Write out exactly the lines of the entries below from the one holding "x \<in> Delta_bar" to the one holding "Lipschitz way, so", inclusive, and leave out all other lines.

* * * * * * *

(* For every strongly connected component $C$ of $G$, the set $\Delta_C$ is connected.
   Context: $G$ is a finite directed graph (loops allowed) with vertex set $V$. $\Omega$ is the set of bi-infinite paths in $G$, i.e. sequences $(x_i)_{i\in\mathbb Z}\in V^{\mathbb Z}$ such that for every $i$ there is an edge from $x_i$ to $x_{i+1}$. Fix $h>0$. $\bar\Delta$ is the set of functions $x:\mathbb R\to V$ that are constant on each interval $[nh,(n+1)h)$, $n\in\mathbb Z$, and satisfy $(x(ih))_{i\in\mathbb Z}\in\Omega$. $\Delta=\{x(\cdot+t): x\in\bar\Delta,\ t\in\mathbb R\}$, with metric $d(x,y)=\sum_{i\in\mathbb Z}4^{-|i|}\frac1h\int_{ih}^{(i+1)h}\delta(x,y,t)\,dt$, where $\delta(x,y,t)=1$ if $x(t)\ne y(t)$ and $0$ otherwise. A strongly connected component of $G$ is a maximal nonempty set $C\subseteq V$ such that for all $u,v\in C$ (including $u=v$) there is a directed path of positive length from $u$ to $v$ with all vertices in $C$. The lift of $C$ is $\Delta_C=\{f\in\Delta: f(t)\in C \text{ for all } t\in\mathbb R\}$. *)

theory Defs
  imports "HOL-Analysis.Analysis"
begin

text \<open>A finite directed graph (loops allowed) is given by a finite vertex type 'v
and an edge relation E.\<close>

definition Omega :: "('v \<times> 'v) set \<Rightarrow> (int \<Rightarrow> 'v) set" where
  "Omega E = {x. \<forall>i. (x i, x (i + 1)) \<in> E}"

definition Delta_bar :: "('v \<times> 'v) set \<Rightarrow> real \<Rightarrow> (real \<Rightarrow> 'v) set" where
  "Delta_bar E h = {x. (\<forall>n::int. \<forall>t. real_of_int n * h \<le> t \<and> t < (real_of_int n + 1) * h
                        \<longrightarrow> x t = x (real_of_int n * h))
                   \<and> (\<lambda>i::int. x (real_of_int i * h)) \<in> Omega E}"

definition Delta :: "('v \<times> 'v) set \<Rightarrow> real \<Rightarrow> (real \<Rightarrow> 'v) set" where
  "Delta E h = {(\<lambda>s. x (s + t)) | x t. x \<in> Delta_bar E h}"

definition traj_dist :: "real \<Rightarrow> (real \<Rightarrow> 'v) \<Rightarrow> (real \<Rightarrow> 'v) \<Rightarrow> real" where
  "traj_dist h x y = (\<Sum>\<^sub>\<infinity>i::int. (1/4) ^ nat \<bar>i\<bar> * (1 / h) *
      integral {real_of_int i * h .. (real_of_int i + 1) * h} (\<lambda>t. if x t \<noteq> y t then 1 else 0))"

definition strongly_conn :: "('v \<times> 'v) set \<Rightarrow> 'v set \<Rightarrow> bool" where
  "strongly_conn E C \<longleftrightarrow> C \<noteq> {} \<and> (\<forall>u\<in>C. \<forall>v\<in>C. (u, v) \<in> (E \<inter> C \<times> C)\<^sup>+)"

definition scc :: "('v \<times> 'v) set \<Rightarrow> 'v set \<Rightarrow> bool" where
  "scc E C \<longleftrightarrow> strongly_conn E C \<and> (\<forall>D. C \<subseteq> D \<and> strongly_conn E D \<longrightarrow> D = C)"

definition lift :: "('v \<times> 'v) set \<Rightarrow> real \<Rightarrow> 'v set \<Rightarrow> (real \<Rightarrow> 'v) set" where
  "lift E h C = {f \<in> Delta E h. \<forall>t. f t \<in> C}"

end

theory Submission
  imports Defs
begin

text \<open>Every element of the lift of \<open>C\<close> is a suspended path \<open>u \<mapsto> y \<lfloor>(u + c) / h\<rfloor>\<close>
with \<open>y\<close> a bi-infinite path in \<open>C\<close>. Changing the offset \<open>c\<close> moves such a trajectory in a
Lipschitz way, so the orbit of a single path is a connected subset of the lift. Since the metric
discounts the window \<open>[i h, (i + 1) h]\<close> by \<open>4 ^ (- \<bar>i\<bar>)\<close>, trajectories that agree on a long
window around \<open>0\<close> are close. Strong connectivity of \<open>C\<close> lets us splice the past of one path
to the future of another, so the orbit of the spliced path comes arbitrarily close to any two
given elements of the lift; hence no two disjoint open sets can separate it.\<close>

lemma floor_divide_eq_iff:
  fixes h z :: real
  assumes "h > 0"
  shows "\<lfloor>z / h\<rfloor> = k \<longleftrightarrow> of_int k * h \<le> z \<and> z < (of_int k + 1) * h"
  using assms by (simp add: floor_eq_iff pos_le_divide_eq pos_divide_less_eq)

lemma floor_divide_bounds:
  fixes h z :: real
  assumes "h > 0"
  shows "of_int \<lfloor>z / h\<rfloor> * h \<le> z" and "z < (of_int \<lfloor>z / h\<rfloor> + 1) * h"
  using floor_divide_eq_iff[OF assms, of z "\<lfloor>z / h\<rfloor>"] by simp_all

section \<open>Right-continuous step functions\<close>

definition locally_step :: "(real \<Rightarrow> 'b) \<Rightarrow> bool" where
  "locally_step F \<longleftrightarrow> (\<forall>x. \<exists>d>0. \<exists>c.
     (\<forall>u. x - d < u \<and> u < x \<longrightarrow> F u = c) \<and> (\<forall>u. x \<le> u \<and> u < x + d \<longrightarrow> F u = F x))"

lemma locally_step_comp2:
  assumes "locally_step F" "locally_step G"
  shows "locally_step (\<lambda>u. \<Phi> (F u) (G u))"
  unfolding locally_step_def
proof
  fix x
  obtain d1 c1 where d1: "d1 > 0" "\<forall>u. x - d1 < u \<and> u < x \<longrightarrow> F u = c1"
    "\<forall>u. x \<le> u \<and> u < x + d1 \<longrightarrow> F u = F x"
    using assms(1) unfolding locally_step_def by blast
  obtain d2 c2 where d2: "d2 > 0" "\<forall>u. x - d2 < u \<and> u < x \<longrightarrow> G u = c2"
    "\<forall>u. x \<le> u \<and> u < x + d2 \<longrightarrow> G u = G x"
    using assms(2) unfolding locally_step_def by blast
  show "\<exists>d>0. \<exists>c. (\<forall>u. x - d < u \<and> u < x \<longrightarrow> \<Phi> (F u) (G u) = c) \<and>
      (\<forall>u. x \<le> u \<and> u < x + d \<longrightarrow> \<Phi> (F u) (G u) = \<Phi> (F x) (G x))"
  proof (intro exI[of _ "min d1 d2"] exI[of _ "\<Phi> c1 c2"] conjI allI impI)
    fix u assume "x - min d1 d2 < u \<and> u < x"
    then have "x - d1 < u \<and> u < x" "x - d2 < u \<and> u < x" by auto
    then have "F u = c1" "G u = c2" using d1(2) d2(2) by blast+
    then show "\<Phi> (F u) (G u) = \<Phi> c1 c2" by simp
  next
    fix u assume "x \<le> u \<and> u < x + min d1 d2"
    then have "x \<le> u \<and> u < x + d1" "x \<le> u \<and> u < x + d2" by auto
    then have "F u = F x" "G u = G x" using d1(3) d2(3) by blast+
    then show "\<Phi> (F u) (G u) = \<Phi> (F x) (G x)" by simp
  qed (simp add: d1 d2)
qed

lemma locally_step_integrable_on:
  fixes F :: "real \<Rightarrow> real"
  assumes "locally_step F"
  shows "F integrable_on {a..b}"
  unfolding cbox_interval[symmetric]
proof (rule integrable_on_little_subintervals, intro ballI)
  fix x
  obtain d c where d: "d > 0" "\<forall>u. x - d < u \<and> u < x \<longrightarrow> F u = c"
    "\<forall>u. x \<le> u \<and> u < x + d \<longrightarrow> F u = F x"
    using assms unfolding locally_step_def by blast
  have "F integrable_on cbox u v" if "x \<in> cbox u v" "cbox u v \<subseteq> ball x d" for u v
  proof -
    have uv: "u \<le> x" "x \<le> v"
      using that by auto
    then have "u \<in> ball x d" "v \<in> ball x d"
      using that(2) by (auto simp: subset_eq)
    then have uv': "x - d < u" "v < x + d"
      by (auto simp: dist_real_def)
    have "F integrable_on {u..x}"
    proof (rule integrable_spike[OF integrable_const_ivl negligible_sing[of x]])
      show "F y = c" if "y \<in> {u..x} - {x}" for y
        using that uv' d(2) by auto
    qed
    moreover have "F integrable_on {x..v}"
    proof (rule integrable_spike[OF integrable_const_ivl negligible_empty])
      show "F y = F x" if "y \<in> {x..v} - {}" for y
        using that uv' d(3) by (meson DiffD1 atLeastAtMost_iff le_less_trans)
    qed
    ultimately show ?thesis
      using Henstock_Kurzweil_Integration.integrable_combine[OF uv] by simp
  qed
  then show "\<exists>d>0. \<forall>u v. x \<in> cbox u v \<and> cbox u v \<subseteq> ball x d \<and> cbox u v \<subseteq> cbox a b \<longrightarrow>
      F integrable_on cbox u v"
    using d(1) by blast
qed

* * * * * * *

» **Result below**:
  "Delta E h = {(\<lambda>s. x (s + t)) | x t. x \<in> Delta_bar E h}"

definition traj_dist :: "real \<Rightarrow> (real \<Rightarrow> 'v) \<Rightarrow> (real \<Rightarrow> 'v) \<Rightarrow> real" where
  "traj_dist h x y = (\<Sum>\<^sub>\<infinity>i::int. (1/4) ^ nat \<bar>i\<bar> * (1 / h) *
      integral {real_of_int i * h .. (real_of_int i + 1) * h} (\<lambda>t. if x t \<noteq> y t then 1 else 0))"

definition strongly_conn :: "('v \<times> 'v) set \<Rightarrow> 'v set \<Rightarrow> bool" where
  "strongly_conn E C \<longleftrightarrow> C \<noteq> {} \<and> (\<forall>u\<in>C. \<forall>v\<in>C. (u, v) \<in> (E \<inter> C \<times> C)\<^sup>+)"

definition scc :: "('v \<times> 'v) set \<Rightarrow> 'v set \<Rightarrow> bool" where
  "scc E C \<longleftrightarrow> strongly_conn E C \<and> (\<forall>D. C \<subseteq> D \<and> strongly_conn E D \<longrightarrow> D = C)"

definition lift :: "('v \<times> 'v) set \<Rightarrow> real \<Rightarrow> 'v set \<Rightarrow> (real \<Rightarrow> 'v) set" where
  "lift E h C = {f \<in> Delta E h. \<forall>t. f t \<in> C}"

end

theory Submission
  imports Defs
begin

text \<open>Every element of the lift of \<open>C\<close> is a suspended path \<open>u \<mapsto> y \<lfloor>(u + c) / h\<rfloor>\<close>
with \<open>y\<close> a bi-infinite path in \<open>C\<close>. Changing the offset \<open>c\<close> moves such a trajectory in a
Lipschitz way, so the orbit of a single path is a connected subset of the lift. Since the metric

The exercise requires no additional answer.